Gov. Rick Perry is packin’ heat, figuratively and maybe literally, with a double-digit lead in polling over presumptive frontrunner Mitt Romney and Iowa straw-poll winner Rep. Michele Bachmann, just a few days after officially entering the 2012 GOP race for president.
The Rasmussen poll of likely Republican and unaffiliated voters, the first national poll after the Ames debate, the Iowa straw poll, and Perry’s announcement, shows the Texas governor with 29 percent support versus 18 percent for Romney and 13 for Bachmann. Sixteen percent are undecided. Perry scores highest among both men and women, wins all but one age demographic, and leads among both Tea Party and non–Tea Party voters. In this group 69 percent view him favorably and 38 percent very favorably. And Perry scores higher in positive intensity than Bachmann and Romney, according to Gallup.
What had been a bit of a sleepy GOP 2012 lineup just got a whole lot more interesting. As chief executive of Texas, the state leading the nation in private-sector job growth, Perry is already laying some pretty good smack on Romney. When the former Massachusetts governor questioned Perry’s “real economy” experience, Perry responded: “I was in the private sector for 13 years after I left the Air Force. You know, I wasn’t on Wall Street, I wasn’t working at Bain Capital, but the principles of the free market—they work whether you’re in a farm field in Iowa or whether you’re on Wall Street.” And when asked again to respond to the jab from Romney, Perry fired back, “I’m thinking Texas is the real economy.”
But Perry has been gracious to Bachmann, calling her “a ball of fire for one thing” (that’s a compliment), before adding, “though we didn’t get the chance to shake hands,” a gentle reminder of her stage-managed appearance at the Lincoln Day dinner in Waterloo, Iowa, where Perry ran retail circles around the hometown girl.
However, there is no question who his real opponent is in the battle of ideas: President Obama. And he is taking the fight to him on jobs and the economy, saying: “I hope I’m President Obama’s worst nightmare. He’s the real problem here. It’s his policies. It’s his EPA administrator. It’s his people that he’s put in place that are strangling America with their regulations, with their debt. And Americans have had enough.” Perry is calling for a moratorium on all new regulations “to get America working again.”

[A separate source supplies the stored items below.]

lemma prod_mset_eq_prod_count:
  fixes z :: "'a \<Rightarrow> 'b::comm_monoid_mult"
  assumes "finite B" "set_mset M \<subseteq> B"
  shows "(\<Prod>s\<in>#M. z s) = (\<Prod>s\<in>B. z s ^ count M s)"
  using assms(2)
proof (induction M)
  case (add a M)
  have "(\<Prod>s\<in>B. z s ^ count (add_mset a M) s) = (\<Prod>s\<in>B. z s ^ count M s * (if s = a then z s else 1))"
    by (intro prod.cong refl) (simp add: mult.commute)
  also have "\<dots> = (\<Prod>s\<in>B. z s ^ count M s) * z a"
    using add.prems assms(1) by (simp add: prod.distrib prod.delta)
  finally show ?case
    using add by (simp add: mult.commute)
qed simp

lemma sum_prod_mset_bounded_msets:
  fixes z :: "'a \<Rightarrow> 'b::comm_semiring_1"
  assumes "finite B"
  shows "(\<Sum>M\<in>bounded_msets B J. \<Prod>s\<in>#M. z s) = (\<Prod>s\<in>B. \<Sum>j<J. z s ^ j)"
proof -
  have "(\<Prod>s\<in>B. \<Sum>j<J. z s ^ j) = (\<Sum>f\<in>PiE B (\<lambda>_. {..<J}). \<Prod>s\<in>B. z s ^ f s)"
    using assms by (rule prod_sum_PiE) simp
  also have "\<dots> = (\<Sum>M\<in>bounded_msets B J. \<Prod>s\<in>B. z s ^ restrict (count M) B s)"
    by (rule sum.reindex_bij_betw[OF bij_betw_count_bounded_msets[OF assms], symmetric])
  also have "\<dots> = (\<Sum>M\<in>bounded_msets B J. \<Prod>s\<in>#M. z s)"
    using assms by (intro sum.cong refl) (simp add: prod_mset_eq_prod_count bounded_msets_def)
  finally show ?thesis ..
qed

definition branching_msets :: "'a set \<Rightarrow> nat \<Rightarrow> 'a multiset set" where
  "branching_msets B J = {M \<in> bounded_msets B J. 2 \<le> size M}"

lemma sum_prod_mset_branching_msets:
  fixes z :: "'a \<Rightarrow> 'b::comm_ring_1"
  assumes "finite B" "2 \<le> J"
  shows "(\<Sum>M\<in>branching_msets B J. \<Prod>s\<in>#M. z s) = (\<Prod>s\<in>B. \<Sum>j<J. z s ^ j) - 1 - (\<Sum>s\<in>B. z s)"
proof -
  have small: "{M \<in> bounded_msets B J. size M < 2} = insert {#} ((\<lambda>s. {#s#}) ` B)"
  proof (intro equalityI subsetI)
    fix M assume "M \<in> {M \<in> bounded_msets B J. size M < 2}"
    then show "M \<in> insert {#} ((\<lambda>s. {#s#}) ` B)"
      using size_1_singleton_mset[of M] by (auto simp: bounded_msets_def less_2_cases_iff)
  qed (use assms(2) in \<open>auto simp: bounded_msets_def\<close>)
  have "(\<Sum>M\<in>bounded_msets B J. \<Prod>s\<in>#M. z s)
      = (\<Sum>M\<in>bounded_msets B J \<inter> {M. size M < 2}. \<Prod>s\<in>#M. z s)
        + (\<Sum>M\<in>bounded_msets B J - {M. size M < 2}. \<Prod>s\<in>#M. z s)"
    using finite_bounded_msets[OF assms(1)] by (rule sum.Int_Diff)
  also have "bounded_msets B J \<inter> {M. size M < 2} = insert {#} ((\<lambda>s. {#s#}) ` B)"
    using small by blast
  also have "bounded_msets B J - {M. size M < 2} = branching_msets B J"
    by (auto simp: branching_msets_def)
  also have "(\<Sum>M\<in>insert {#} ((\<lambda>s. {#s#}) ` B). \<Prod>s\<in>#M. z s) = 1 + (\<Sum>s\<in>B. z s)"
    using assms(1) by (subst sum.insert) (auto simp: sum.reindex inj_on_def)
  finally show ?thesis
    using sum_prod_mset_bounded_msets[OF assms(1), of z J] by (simp add: algebra_simps)
qed
lemma computable_from_pairs: "computable_fun from_pairs"
proof -
  let ?slot = "EIf (EOr (EEq (ECall1 nfst (EVar 0)) (EConst 1)) (EEq (ECall1 nfst (EVar 0)) (EConst 2)))
    (EMult (EConst 2) (EVar 0)) (EAdd (EMult (EConst 2) (ECall1 nsnd (EVar 0))) (EConst 1))"
  show ?thesis
    using computable_pair_enum
    by (intro computable_funI[where e="EIf (EEq (ECall1 nfst (EVar 0)) (EConst 2))
        (ECall1 nfst (ECall1 pair_enum ?slot)) (ECall1 nsnd (ECall1 pair_enum ?slot))"])
      (simp_all add: from_pairs_def slot_def)
qed

lemma embedding_from_pairs: "embedding from_pairs UNIV pairs_rel G R"
proof -
  have G: "from_pairs x \<in> G" for x
    using from_pairs_member[of x] pair_code_pair_enum[of "slot x"] rel_in_carrier
    by (auto simp: pair_code_def)
  have "inj from_pairs"
  proof (rule injI)
    fix x y assume eq: "from_pairs x = from_pairs y"
    then have "(x, y) \<in> pairs_rel" using from_pairs_rel rel_refl G by metis
    then have "slot x = slot y" by (simp add: slot_eq_iff)
    moreover have "nfst (pair_enum (slot x)) \<noteq> nsnd (pair_enum (slot x))"
      using pair_code_pair_enum[of "slot x"] by (simp add: pair_code_def)
    ultimately have "nfst x = 2 \<longleftrightarrow> nfst y = 2" using eq by (auto simp: from_pairs_def split: if_splits)
    with \<open>(x, y) \<in> pairs_rel\<close> show "x = y"
      by (auto simp: pairs_rel_def paired_def nat_eq_iff_nfst_nsnd[of x])
  qed
  then show ?thesis using G from_pairs_rel by (auto simp: embedding_def inj_on_def inj_def)
qed

end

lemma comp_bi_emb_categorical_pairs_rel: "comp_bi_emb_categorical UNIV pairs_rel"
  unfolding comp_bi_emb_categorical_def
proof (intro allI impI)
  fix G R assume "computable_eq_struct G R" "bi_embeddable UNIV pairs_rel G R"
  then obtain \<phi> \<psi> where "equiv G R" "computable_rel R"
    "embedding \<phi> UNIV pairs_rel G R" "embedding \<psi> G R UNIV pairs_rel"
    unfolding computable_eq_struct_def eq_struct_def bi_embeddable_def by blast
  then show "comp_bi_embeddable UNIV pairs_rel G R"
    unfolding comp_bi_embeddable_def
    using computable_from_pairs embedding_from_pairs computable_to_pairs embedding_to_pairs by blast
qed

theorem corollary2p7:
  shows "\<exists>A E. computable_eq_struct A E \<and> comp_bi_emb_categorical A E \<and> \<not> comp_categorical A E"
  using computable_eq_struct_pairs_rel comp_bi_emb_categorical_pairs_rel not_comp_categorical_pairs_rel
  by blast

end
lemma min_up_prob_pos: "0 < min_up_prob"
  unfolding min_up_prob_def using finite_state_space up_prob_pos by (simp add: Min_gr_iff)

lemma min_up_prob_le_1: "min_up_prob \<le> 1"
  unfolding min_up_prob_def using finite_state_space by (intro Min_le) auto

lemma min_up_prob_le: "s \<in> state_space \<Longrightarrow> 0 < s 1 \<Longrightarrow> s 1 \<noteq> N \<Longrightarrow> min_up_prob \<le> up_prob s"
  unfolding min_up_prob_def using finite_state_space by (intro Min_le) auto

end

lemma change_time_Suc_eq_Some:
  assumes t: "change_time x k = Some t"
  shows "change_time x (Suc k) = Some l \<longleftrightarrow>
     t < l \<and> x l 1 \<noteq> x t 1 \<and> (\<forall>j. t \<le> j \<and> j < l \<longrightarrow> x j 1 = x t 1)"
    (is "_ \<longleftrightarrow> ?first_change l")
proof (cases "\<exists>l>t. x l 1 \<noteq> x t 1")
  case True
  define l0 where "l0 = (LEAST l. t < l \<and> x l 1 \<noteq> x t 1)"
  have "t < l0 \<and> x l0 1 \<noteq> x t 1"
    unfolding l0_def using True by (rule LeastI_ex)
  moreover have "x j 1 = x t 1" if "t \<le> j" "j < l0" for j
    using not_less_Least[of j "\<lambda>l. t < l \<and> x l 1 \<noteq> x t 1"] that
    unfolding l0_def by (cases "j = t") auto
  ultimately have first: "?first_change l0" by blast
  have unique: "?first_change l \<longleftrightarrow> l = l0"
  proof
    assume l: "?first_change l"
    have "\<not> l < l0" using l first less_imp_le by blast
    moreover have "\<not> l0 < l" using l first less_imp_le by blast
    ultimately show "l = l0" by simp
  qed (use first in blast)
  have "change_time x (Suc k) = Some l0"
    using t True by (simp add: l0_def)
  then have "change_time x (Suc k) = Some l \<longleftrightarrow> l = l0" by auto
  with unique show ?thesis by blast
next
  case False
  then have "change_time x (Suc k) = None" using t by simp
  moreover have "\<not> ?first_change l" using False by blast
  ultimately show ?thesis by simp
qed

lemma change_time_Suc_SomeD: "change_time x (Suc k) = Some l \<Longrightarrow> \<exists>t. change_time x k = Some t"
  by (cases "change_time x k") auto
(* Let $C_*>1$. There is a constant $C>0$ depending only on $C_*$ such that the following holds. Let $\mathscr{T}$ be a $C_*$-regular triangular complex in $\mathbb{R}^3$ with chosen triangle unit normals $\bar n(\kappa)$, and let $n$ be a unit edge director on $\mathscr{T}$. Then for every edge $e=\kappa\cap\kappa'\in\mathscr{E}(\mathscr{T})$, \[ |n(e)-\bar n(\kappa)|\le C\,(\mathrm{diam}\,\kappa)\,|Dn_\kappa|. \]
   Context: A triangle is $\kappa=\mathrm{conv}(x,y,z)\subset\mathbb{R}^3$ with $x,y,z$ not collinear; its edges are $[x,y],[y,z],[x,z]$; its unit normal $\bar n(\kappa)$ is one of the two vectors $\pm\frac{(y-x)\times(z-x)}{|(y-x)\times(z-x)|}$ (fixed by a choice). A triangular complex is a finite family of triangles, any two distinct of which intersect in the empty set, a common vertex, or a whole common edge; $\mathscr{E}(\mathscr{T})$ is its set of edges. It is $C_*$-regular if $\mathcal{H}^2(\kappa)\ge C_*^{-1}(\mathrm{diam}\,\kappa)^2$ for all $\kappa$. A unit edge director is a map $n:\mathscr{E}(\mathscr{T})\to S^2$ with $n(e)\cdot\tau(e)=0$ (where $\tau(e)$ is a unit vector along $e$) and $n(e)\cdot\bar n(\kappa)\ge0$ for every triangle $\kappa$ containing $e$. On each $\kappa$, $n$ is extended to the unique affine map $\kappa\to\mathbb{R}^3$ taking the value $n(e)$ at the midpoint of each edge $e$ of $\kappa$; $Dn_\kappa\in\mathbb{R}^{3\times3}$ is its (constant) gradient, viewed as a linear map on the plane of $\kappa$ precomposed with the orthogonal projection onto that plane; $|\cdot|$ is a matrix norm. *)

theory Defs
  imports "HOL-Analysis.Analysis"
begin

type_synonym pt = "real^3"

definition is_tri_rep :: "pt set \<Rightarrow> pt \<Rightarrow> pt \<Rightarrow> pt \<Rightarrow> bool" where
  "is_tri_rep K x y z \<longleftrightarrow> \<not> collinear {x, y, z} \<and> K = convex hull {x, y, z}"

definition triangle :: "pt set \<Rightarrow> bool" where
  "triangle K \<longleftrightarrow> (\<exists>x y z. is_tri_rep K x y z)"

definition tri_vertices :: "pt set \<Rightarrow> pt set" where
  "tri_vertices K = {x. \<exists>y z. is_tri_rep K x y z}"

definition tri_edges :: "pt set \<Rightarrow> pt set set" where
  "tri_edges K = {convex hull {x, y} | x y. \<exists>z. is_tri_rep K x y z}"

definition tri_complex :: "pt set set \<Rightarrow> bool" where
  "tri_complex T \<longleftrightarrow> finite T \<and> (\<forall>K\<in>T. triangle K) \<and>
     (\<forall>K\<in>T. \<forall>K'\<in>T. K \<noteq> K' \<longrightarrow>
        K \<inter> K' = {}
      \<or> (\<exists>v. v \<in> tri_vertices K \<and> v \<in> tri_vertices K' \<and> K \<inter> K' = {v})
      \<or> (\<exists>e. e \<in> tri_edges K \<and> e \<in> tri_edges K' \<and> K \<inter> K' = e))"

definition complex_edges :: "pt set set \<Rightarrow> pt set set" where
  "complex_edges T = (\<Union>K\<in>T. tri_edges K)"

definition tri_area :: "pt set \<Rightarrow> real" where
  "tri_area K = (THE a. \<exists>x y z. is_tri_rep K x y z \<and> a = norm (cross3 (y - x) (z - x)) / 2)"

definition regular_complex :: "real \<Rightarrow> pt set set \<Rightarrow> bool" where
  "regular_complex Cs T \<longleftrightarrow> (\<forall>K\<in>T. tri_area K \<ge> (diameter K)\<^sup>2 / Cs)"
lemma gauss_ft_holomorphic: "gauss_ft \<xi> holomorphic_on {a. 0 < Re a}"
proof (rule holomorphic_uniform_sequence[OF open_halfspace_Re_gt])
  fix n :: nat
  define f where "f = (\<lambda>a u. exp (- a * (of_real u)\<^sup>2) * exp (- \<i> * of_real (\<xi> * u)))"
  have "(\<lambda>a. integral (cbox (- real n) (real n)) (f a)) holomorphic_on {a. 0 < Re a}"
  proof (rule leibniz_rule_holomorphic[where fx = "\<lambda>a u. - (of_real u)\<^sup>2 * f a u"])
    fix a and u :: real
    show "((\<lambda>a. f a u) has_field_derivative - (of_real u)\<^sup>2 * f a u) (at a within {a. 0 < Re a})"
      unfolding f_def by (auto intro!: derivative_eq_intros)
  next
    fix a
    show "f a integrable_on cbox (- real n) (real n)"
      unfolding f_def by (intro integrable_continuous continuous_intros)
  next
    show "continuous_on ({a. 0 < Re a} \<times> cbox (- real n) (real n)) (\<lambda>(a, u). - (of_real u)\<^sup>2 * f a u)"
      unfolding f_def by (auto simp: case_prod_beta intro!: continuous_intros)
  qed (rule convex_halfspace_Re_gt)
  then show "(\<lambda>a. integral {- real n..real n} (\<lambda>u. exp (- a * (of_real u)\<^sup>2) * exp (- \<i> * of_real (\<xi> * u))))
      holomorphic_on {a. 0 < Re a}"
    by (simp add: f_def)
next
  fix a :: complex
  assume "a \<in> {a. 0 < Re a}"
  then have d: "0 < Re a / 2"
    by simp
  have "cball a (Re a / 2) \<subseteq> {b. Re a / 2 \<le> Re b}"
  proof
    fix b
    assume "b \<in> cball a (Re a / 2)"
    then have "\<bar>Re a - Re b\<bar> \<le> Re a / 2"
      using abs_Re_le_cmod[of "a - b"] by (simp add: dist_norm)
    then show "b \<in> {b. Re a / 2 \<le> Re b}"
      by (simp add: abs_if split: if_splits)
  qed
  then show "\<exists>d>0. cball a d \<subseteq> {a. 0 < Re a} \<and> uniform_limit (cball a d)
      (\<lambda>n a. integral {- real n..real n} (\<lambda>u. exp (- a * (of_real u)\<^sup>2) * exp (- \<i> * of_real (\<xi> * u))))
      (gauss_ft \<xi>) sequentially"
    using d uniform_limit_on_subset[OF uniform_limit_gauss_ft_truncations[OF d]]
    by (intro exI[of _ "Re a / 2"]) force
qed

lemma one_islimpt_positive_reals: "1 islimpt (complex_of_real ` {0<..})"
  unfolding islimpt_sequential
proof (intro exI conjI allI)
  fix n :: nat
  have "0 < 1 + inverse (real (Suc n))"
    by (simp add: add_pos_pos)
  then show "complex_of_real (1 + inverse (Suc n)) \<in> complex_of_real ` {0<..} - {1}"
    by (auto simp del: of_real_add)
next
  have "(\<lambda>n. 1 + inverse (real (Suc n))) \<longlonglongrightarrow> 1"
    using tendsto_add[OF tendsto_const LIMSEQ_inverse_real_of_nat, of 1] by simp
  from tendsto_of_real[OF this, where 'a = complex, unfolded of_real_1]
  show "(\<lambda>n. complex_of_real (1 + inverse (Suc n))) \<longlonglongrightarrow> 1" .
qed

lemma gauss_ft_eq:
  assumes "0 < Re a"
  shows "gauss_ft \<xi> a = csqrt (of_real pi / a) * exp (- (of_real \<xi>)\<^sup>2 / (4 * a))"
proof -
  define H where "H = {a::complex. 0 < Re a}"
  define G where "G = (\<lambda>a. csqrt (of_real pi / a) * exp (- (of_real \<xi>)\<^sup>2 / (4 * a)))"
  have Re_pos: "Re (of_real pi / b) > 0" if "b \<in> H" for b
  proof -
    have "0 < Re b * Re b + Im b * Im b"
      using that by (simp add: H_def add_pos_nonneg)
    then show ?thesis
      using that by (simp add: H_def Re_divide power2_eq_square)
  qed
  then have "G holomorphic_on H"
    unfolding G_def
  proof (intro holomorphic_intros)
    fix z
    assume z: "z \<in> H"
    then show "z \<noteq> 0" and "4 * z \<noteq> 0"
      by (auto simp: H_def)
    show "of_real pi / z \<notin> \<real>\<^sub>\<le>\<^sub>0"
      using Re_pos[OF z] by (auto simp: complex_nonpos_Reals_iff)
  qed
  then have "(\<lambda>a. gauss_ft \<xi> a - G a) holomorphic_on H"
    using gauss_ft_holomorphic[of \<xi>] unfolding H_def by (intro holomorphic_intros)
  then have "gauss_ft \<xi> a - G a = 0"
  proof (rule analytic_continuation[where U = "of_real ` {0<..}" and \<xi> = 1])
    show "open H" and "connected H"
      by (simp_all add: H_def open_halfspace_Re_gt convex_connected convex_halfspace_Re_gt)
    show "of_real ` {0<..} \<subseteq> H" and "1 \<in> H" and "a \<in> H"
      using assms by (auto simp: H_def)
    show "1 islimpt complex_of_real ` {0<..}"
      by (rule one_islimpt_positive_reals)
    show "gauss_ft \<xi> z - G z = 0" if "z \<in> complex_of_real ` {0<..}" for z
      using that gauss_ft_of_real by (auto simp: G_def csqrt_of_real_nonneg exp_of_real[symmetric])
  qed
  then show ?thesis
    by (simp add: G_def)
qed

section \<open>Gaussian integrals on Euclidean space\<close>

lemma sum_Basis_inner_sq: "(\<Sum>b\<in>Basis. (x \<bullet> b)\<^sup>2) = (norm (x::'a::euclidean_space))\<^sup>2"
  unfolding power2_norm_eq_inner by (subst euclidean_inner) (simp add: power2_eq_square)

lemma lborel_integral_prod_Basis:
  fixes h :: "'a::euclidean_space \<Rightarrow> real \<Rightarrow> 'b::{real_normed_field,banach,second_countable_topology}"
  assumes int: "\<And>b. b \<in> Basis \<Longrightarrow> integrable lborel (h b)"
  shows "integrable lborel (\<lambda>x::'a. \<Prod>b\<in>Basis. h b (x \<bullet> b))"
    and "(LINT x|lborel. (\<Prod>b\<in>Basis. h b (x \<bullet> b))) = (\<Prod>b\<in>Basis. (LINT u|lborel. h b u))"
proof -
  interpret P: product_sigma_finite "\<lambda>_::'a. lborel::real measure"
    by (simp add: product_sigma_finite_def sigma_finite_lborel)
  define T where "T = (\<lambda>f. \<Sum>b\<in>(Basis::'a set). f b *\<^sub>R b)"
  have [measurable]: "h b \<in> borel_measurable borel" if "b \<in> Basis" for b
    using borel_measurable_integrable[OF int[OF that]] by simp
  have T: "T \<in> measurable (\<Pi>\<^sub>M b\<in>(Basis::'a set). lborel) borel"
    unfolding T_def by measurable
  have meas: "(\<lambda>x::'a. \<Prod>b\<in>Basis. h b (x \<bullet> b)) \<in> borel_measurable borel"
    by measurable
  have coords: "(\<Prod>b\<in>Basis. h b (T f \<bullet> b)) = (\<Prod>b\<in>Basis. h b (f b))" for f
    by (intro prod.cong refl) (simp add: T_def inner_sum_left inner_Basis if_distrib cong: if_cong)
  have lborel: "(lborel::'a measure) = distr (\<Pi>\<^sub>M b\<in>Basis. lborel) borel T"
    unfolding T_def by (rule lborel_eq)
  show "integrable lborel (\<lambda>x::'a. \<Prod>b\<in>Basis. h b (x \<bullet> b))"
    unfolding lborel integrable_distr_eq[OF T meas] coords
    by (rule P.product_integrable_prod) (auto intro: int)
  show "(LINT x|lborel. (\<Prod>b\<in>Basis. h b (x \<bullet> b))) = (\<Prod>b\<in>Basis. (LINT u|lborel. h b u))"
    unfolding lborel integral_distr[OF T meas] coords
    by (rule P.product_integral_prod) (auto intro: int)
qed

definition gauss_transform :: "complex \<Rightarrow> 'a::euclidean_space \<Rightarrow> complex" where
  "gauss_transform a \<xi> = csqrt (of_real pi / a) ^ DIM('a) * exp (- of_real ((norm \<xi>)\<^sup>2) / (4 * a))"

lemma gauss_ft_euclidean:
  fixes \<xi> :: "'a::euclidean_space"
  assumes "0 < Re a"
  shows "integrable lborel (\<lambda>x::'a. exp (- a * of_real ((norm x)\<^sup>2)) * exp (- \<i> * of_real (\<xi> \<bullet> x)))"
    and "(LINT x|lborel. exp (- a * of_real ((norm x)\<^sup>2)) * exp (- \<i> * of_real (\<xi> \<bullet> x)))
      = gauss_transform a \<xi>"
proof -
  define h where "h b u = exp (- a * (of_real u)\<^sup>2) * exp (- \<i> * of_real ((\<xi> \<bullet> b) * u))"
    for b :: 'a and u :: real
  have h: "integrable lborel (h b)" for b
    unfolding h_def using assms by (rule integrable_gauss_ft_integrand)
  have "exp (- a * of_real ((norm x)\<^sup>2)) * exp (- \<i> * of_real (\<xi> \<bullet> x)) = (\<Prod>b\<in>Basis. h b (x \<bullet> b))"
    for x :: 'a
    by (simp add: h_def prod.distrib exp_sum sum_distrib_left euclidean_inner[of \<xi> x] mult.commute
        flip: sum_Basis_inner_sq[of x] sum_negf)
  then have factor: "(\<lambda>x::'a. exp (- a * of_real ((norm x)\<^sup>2)) * exp (- \<i> * of_real (\<xi> \<bullet> x)))
      = (\<lambda>x. \<Prod>b\<in>Basis. h b (x \<bullet> b))"
    by simp
  show "integrable lborel (\<lambda>x::'a. exp (- a * of_real ((norm x)\<^sup>2)) * exp (- \<i> * of_real (\<xi> \<bullet> x)))"
    unfolding factor using h by (rule lborel_integral_prod_Basis)
  have "(LINT x|lborel. (\<Prod>b\<in>Basis. h b (x \<bullet> b))) = (\<Prod>b\<in>(Basis::'a set). gauss_ft (\<xi> \<bullet> b) a)"
    using lborel_integral_prod_Basis(2)[OF h] by (simp add: h_def gauss_ft_def)
  also have "\<dots> = gauss_transform a \<xi>"
    using assms by (simp add: gauss_ft_eq gauss_transform_def prod.distrib exp_sum sum_divide_distrib
        flip: sum_Basis_inner_sq[of \<xi>] sum_negf)
  finally show "(LINT x|lborel. exp (- a * of_real ((norm x)\<^sup>2)) * exp (- \<i> * of_real (\<xi> \<bullet> x)))
      = gauss_transform a \<xi>"
    unfolding factor .
qed

section \<open>The Brownian-time Brownian motion kernel\<close>

lemma sqrt_power_eq_powr: "0 < y \<Longrightarrow> sqrt y ^ n = y powr (real n / 2)"
  by (simp add: powr_half_sqrt[symmetric] powr_realpow[symmetric] powr_powr)

definition heat_kernel :: "real \<Rightarrow> 'a::euclidean_space \<Rightarrow> real" where
  "heat_kernel s x = exp (- (norm x)\<^sup>2 / (2 * s)) / (2 * pi * s) powr (real DIM('a) / 2)"

lemma heat_kernel_nonneg: "0 \<le> heat_kernel s x"
  by (simp add: heat_kernel_def)

lemma heat_kernel_ft:
  fixes \<xi> :: "'a::euclidean_space"
  assumes s: "0 < s"
  shows "integrable lborel (\<lambda>x::'a. of_real (heat_kernel s x) * exp (- \<i> * of_real (\<xi> \<bullet> x)))"
    and "(LINT x|lborel. of_real (heat_kernel s x) * exp (- \<i> * of_real (\<xi> \<bullet> x)))
      = of_real (exp (- s * (norm \<xi>)\<^sup>2 / 2))"
proof -
  define a where "a = complex_of_real (1 / (2 * s))"
  define c where "c = 1 / (2 * pi * s) powr (real DIM('a) / 2)"
  have a: "0 < Re a"
    using s by (simp add: a_def)
  have heat: "of_real (heat_kernel s x) * exp (- \<i> * of_real (\<xi> \<bullet> x))
      = of_real c * (exp (- a * of_real ((norm x)\<^sup>2)) * exp (- \<i> * of_real (\<xi> \<bullet> x)))" for x :: 'a
    by (simp add: heat_kernel_def a_def c_def exp_of_real[symmetric])
  show "integrable lborel (\<lambda>x::'a. of_real (heat_kernel s x) * exp (- \<i> * of_real (\<xi> \<bullet> x)))"
    unfolding heat by (intro integrable_mult_right gauss_ft_euclidean(1)[OF a])
  have "gauss_transform a \<xi> = of_real (sqrt (2 * pi * s) ^ DIM('a) * exp (- s * (norm \<xi>)\<^sup>2 / 2))"
    using s by (simp add: gauss_transform_def a_def csqrt_of_real_nonneg exp_of_real[symmetric] field_simps)
  moreover have "c * sqrt (2 * pi * s) ^ DIM('a) = 1"
    using s by (simp add: c_def sqrt_power_eq_powr)
  ultimately show "(LINT x|lborel. of_real (heat_kernel s x) * exp (- \<i> * of_real (\<xi> \<bullet> x)))
      = of_real (exp (- s * (norm \<xi>)\<^sup>2 / 2))"
    unfolding heat integral_mult_right_zero gauss_ft_euclidean(2)[OF a]
    by (simp add: mult.assoc flip: of_real_mult)
qed

lemma integral_heat_kernel:
  assumes "0 < s"
  shows "(LINT x|lborel. heat_kernel s (x::'a::euclidean_space)) = 1"
proof -
  have "of_real (LINT x|lborel. heat_kernel s (x::'a)) = (1::complex)"
    using heat_kernel_ft(2)[OF assms, of 0] by simp
  then show ?thesis
    by (simp only: of_real_eq_1_iff)
qed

While brash, Perry is a skilled retail politician adept at striking populist chords among the masses. Charming and disarming on his first few days out on the trail, he is proving he can work a room of voters like no others currently in the GOP race. And though he does not back down when challenged by the media, Perry has admitted he was wrong on two decisions in Texas, seen as venal sins by some conservatives: his support for a Trans-Texas Corridor that involved private contractors, eminent domain, and tolls, and an opt-out rather than opt-in mandate for an HPV vaccine for young girls. “Here’s what I learned,” Perry explained when challenged on the campaign trail in Iowa. “When you get too far out in front of the parade they will let you know ... I don’t always get it right, but I darn sure listen.” Unusual for politician to admit a mistake, and then to learn from it.
While Perry is stealing headlines this week, Bachmann still has to prove to the media that she is not crazy, and Rep. Ron Paul still has to prove his second-place finish in Iowa makes him a serious contender.
Meanwhile, Obama continues to play the blame game—this time, headwinds and Congress, not George W. Bush—while yearning for the days of Walter Cronkite. He’s not too far off. Cronkite’s last broadcast was March 6, 1981. And it does feel like 1980 all over again. Malaise may mar the sitting president’s reelection plans, and Perry may play Ronald Reagan to Romney’s George H.W. Bush to Obama’s Jimmy Carter.
There is a fire raging within the base of the GOP, and Rick Perry knows how to fan the flames, as he did with his “treasonous” remarks Monday about the Fed. The key will be to see whether he has the discipline and a modicum of moderation to keep the blaze from getting out of control and burning down the GOP house on the long road to the general election.